▶ _About this exercise_
In the records that follow, find each line with the word "moreover" and copy it.

▶ _Information_
»»

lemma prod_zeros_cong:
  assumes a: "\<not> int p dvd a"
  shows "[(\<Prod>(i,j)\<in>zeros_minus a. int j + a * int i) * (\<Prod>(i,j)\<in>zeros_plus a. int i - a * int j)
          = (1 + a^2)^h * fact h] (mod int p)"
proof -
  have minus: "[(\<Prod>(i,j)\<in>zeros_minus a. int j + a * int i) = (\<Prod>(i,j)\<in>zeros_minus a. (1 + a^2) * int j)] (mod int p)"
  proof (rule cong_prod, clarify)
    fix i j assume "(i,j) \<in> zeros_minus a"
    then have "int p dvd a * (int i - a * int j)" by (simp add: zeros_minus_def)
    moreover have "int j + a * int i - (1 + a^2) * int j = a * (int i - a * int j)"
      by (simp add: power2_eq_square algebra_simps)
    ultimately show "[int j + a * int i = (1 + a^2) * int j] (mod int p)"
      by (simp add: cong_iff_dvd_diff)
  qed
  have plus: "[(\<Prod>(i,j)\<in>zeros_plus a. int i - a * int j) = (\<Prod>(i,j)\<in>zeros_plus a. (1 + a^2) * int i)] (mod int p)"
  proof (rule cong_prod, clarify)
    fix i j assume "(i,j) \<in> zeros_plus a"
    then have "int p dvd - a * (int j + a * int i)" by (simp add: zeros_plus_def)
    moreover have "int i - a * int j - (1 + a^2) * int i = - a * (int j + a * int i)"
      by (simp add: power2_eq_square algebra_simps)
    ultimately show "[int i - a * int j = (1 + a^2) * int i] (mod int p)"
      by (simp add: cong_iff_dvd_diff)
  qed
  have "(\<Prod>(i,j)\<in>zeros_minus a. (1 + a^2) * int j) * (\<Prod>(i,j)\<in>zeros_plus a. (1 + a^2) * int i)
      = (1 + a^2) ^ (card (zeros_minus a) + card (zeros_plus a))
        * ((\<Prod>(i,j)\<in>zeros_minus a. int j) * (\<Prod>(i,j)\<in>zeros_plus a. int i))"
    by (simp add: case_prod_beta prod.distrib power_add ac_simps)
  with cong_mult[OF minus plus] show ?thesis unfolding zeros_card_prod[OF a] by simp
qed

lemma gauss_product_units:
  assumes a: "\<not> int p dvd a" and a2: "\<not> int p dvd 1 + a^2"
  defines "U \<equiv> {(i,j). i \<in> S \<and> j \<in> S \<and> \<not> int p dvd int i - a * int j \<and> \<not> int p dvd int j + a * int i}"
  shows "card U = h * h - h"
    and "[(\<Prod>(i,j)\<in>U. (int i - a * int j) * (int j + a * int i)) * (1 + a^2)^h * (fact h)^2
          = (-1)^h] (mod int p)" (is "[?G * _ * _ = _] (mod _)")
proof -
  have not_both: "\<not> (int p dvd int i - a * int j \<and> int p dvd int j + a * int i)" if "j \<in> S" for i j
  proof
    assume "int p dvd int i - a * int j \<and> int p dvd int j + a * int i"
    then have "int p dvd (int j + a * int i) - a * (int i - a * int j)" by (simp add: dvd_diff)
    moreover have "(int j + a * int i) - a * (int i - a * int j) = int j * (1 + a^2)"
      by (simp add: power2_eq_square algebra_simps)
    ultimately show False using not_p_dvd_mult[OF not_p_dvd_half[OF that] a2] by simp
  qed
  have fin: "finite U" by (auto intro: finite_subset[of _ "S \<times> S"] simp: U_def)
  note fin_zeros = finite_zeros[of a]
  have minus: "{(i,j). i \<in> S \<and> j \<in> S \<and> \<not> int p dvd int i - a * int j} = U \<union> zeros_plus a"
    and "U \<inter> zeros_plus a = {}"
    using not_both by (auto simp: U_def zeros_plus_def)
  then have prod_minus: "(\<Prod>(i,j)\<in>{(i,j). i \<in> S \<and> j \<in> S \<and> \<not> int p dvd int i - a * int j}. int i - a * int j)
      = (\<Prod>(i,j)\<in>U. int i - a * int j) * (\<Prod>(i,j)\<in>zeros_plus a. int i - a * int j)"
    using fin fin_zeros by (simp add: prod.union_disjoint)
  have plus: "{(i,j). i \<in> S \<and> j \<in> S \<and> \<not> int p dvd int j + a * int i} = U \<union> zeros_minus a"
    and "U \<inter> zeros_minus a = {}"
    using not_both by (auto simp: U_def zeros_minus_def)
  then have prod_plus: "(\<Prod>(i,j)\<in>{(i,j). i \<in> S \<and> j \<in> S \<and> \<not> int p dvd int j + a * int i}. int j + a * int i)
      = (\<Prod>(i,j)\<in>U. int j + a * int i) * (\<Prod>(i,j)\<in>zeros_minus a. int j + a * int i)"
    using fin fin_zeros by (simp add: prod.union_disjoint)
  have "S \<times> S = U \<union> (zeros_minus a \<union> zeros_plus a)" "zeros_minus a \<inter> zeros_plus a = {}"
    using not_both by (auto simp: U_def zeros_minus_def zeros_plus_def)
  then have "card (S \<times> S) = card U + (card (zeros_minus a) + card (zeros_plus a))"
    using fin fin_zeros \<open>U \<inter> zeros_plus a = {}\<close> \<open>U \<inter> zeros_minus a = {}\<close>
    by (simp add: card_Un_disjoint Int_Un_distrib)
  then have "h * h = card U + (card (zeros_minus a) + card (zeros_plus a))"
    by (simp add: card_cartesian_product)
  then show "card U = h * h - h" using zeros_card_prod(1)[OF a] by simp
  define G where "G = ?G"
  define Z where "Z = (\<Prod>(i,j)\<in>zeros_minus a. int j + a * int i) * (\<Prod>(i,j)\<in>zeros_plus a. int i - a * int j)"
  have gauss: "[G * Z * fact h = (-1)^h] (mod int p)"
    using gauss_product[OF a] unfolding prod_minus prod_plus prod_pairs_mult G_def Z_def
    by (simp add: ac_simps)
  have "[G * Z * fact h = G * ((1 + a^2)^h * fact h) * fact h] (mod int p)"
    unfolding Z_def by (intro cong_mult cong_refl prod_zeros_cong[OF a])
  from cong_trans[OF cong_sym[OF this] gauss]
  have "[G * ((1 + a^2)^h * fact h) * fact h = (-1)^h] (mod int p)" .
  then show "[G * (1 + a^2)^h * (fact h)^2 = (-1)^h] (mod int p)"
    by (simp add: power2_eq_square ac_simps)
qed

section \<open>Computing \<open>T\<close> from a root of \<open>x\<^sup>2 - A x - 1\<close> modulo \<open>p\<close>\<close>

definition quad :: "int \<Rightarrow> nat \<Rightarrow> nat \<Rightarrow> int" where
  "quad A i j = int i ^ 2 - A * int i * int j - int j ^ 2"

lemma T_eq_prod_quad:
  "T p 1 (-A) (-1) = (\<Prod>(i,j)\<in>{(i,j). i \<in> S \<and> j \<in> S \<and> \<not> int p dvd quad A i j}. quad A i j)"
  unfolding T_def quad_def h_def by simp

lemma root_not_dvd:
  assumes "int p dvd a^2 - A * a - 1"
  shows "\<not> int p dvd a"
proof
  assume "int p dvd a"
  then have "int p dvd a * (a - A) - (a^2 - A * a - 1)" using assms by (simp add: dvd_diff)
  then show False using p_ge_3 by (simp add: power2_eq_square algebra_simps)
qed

««

▶ _Response area_
    moreover have "int j + a * int i - (1 + a^2) * int j = a * (int i - a * int j)"
    moreover have "int i - a * int j - (1 + a^2) * int i = - a * (int j + a * int i)"
    moreover have "(int j + a * int i) - a * (int i - a * int j) = int j * (1 + a^2)"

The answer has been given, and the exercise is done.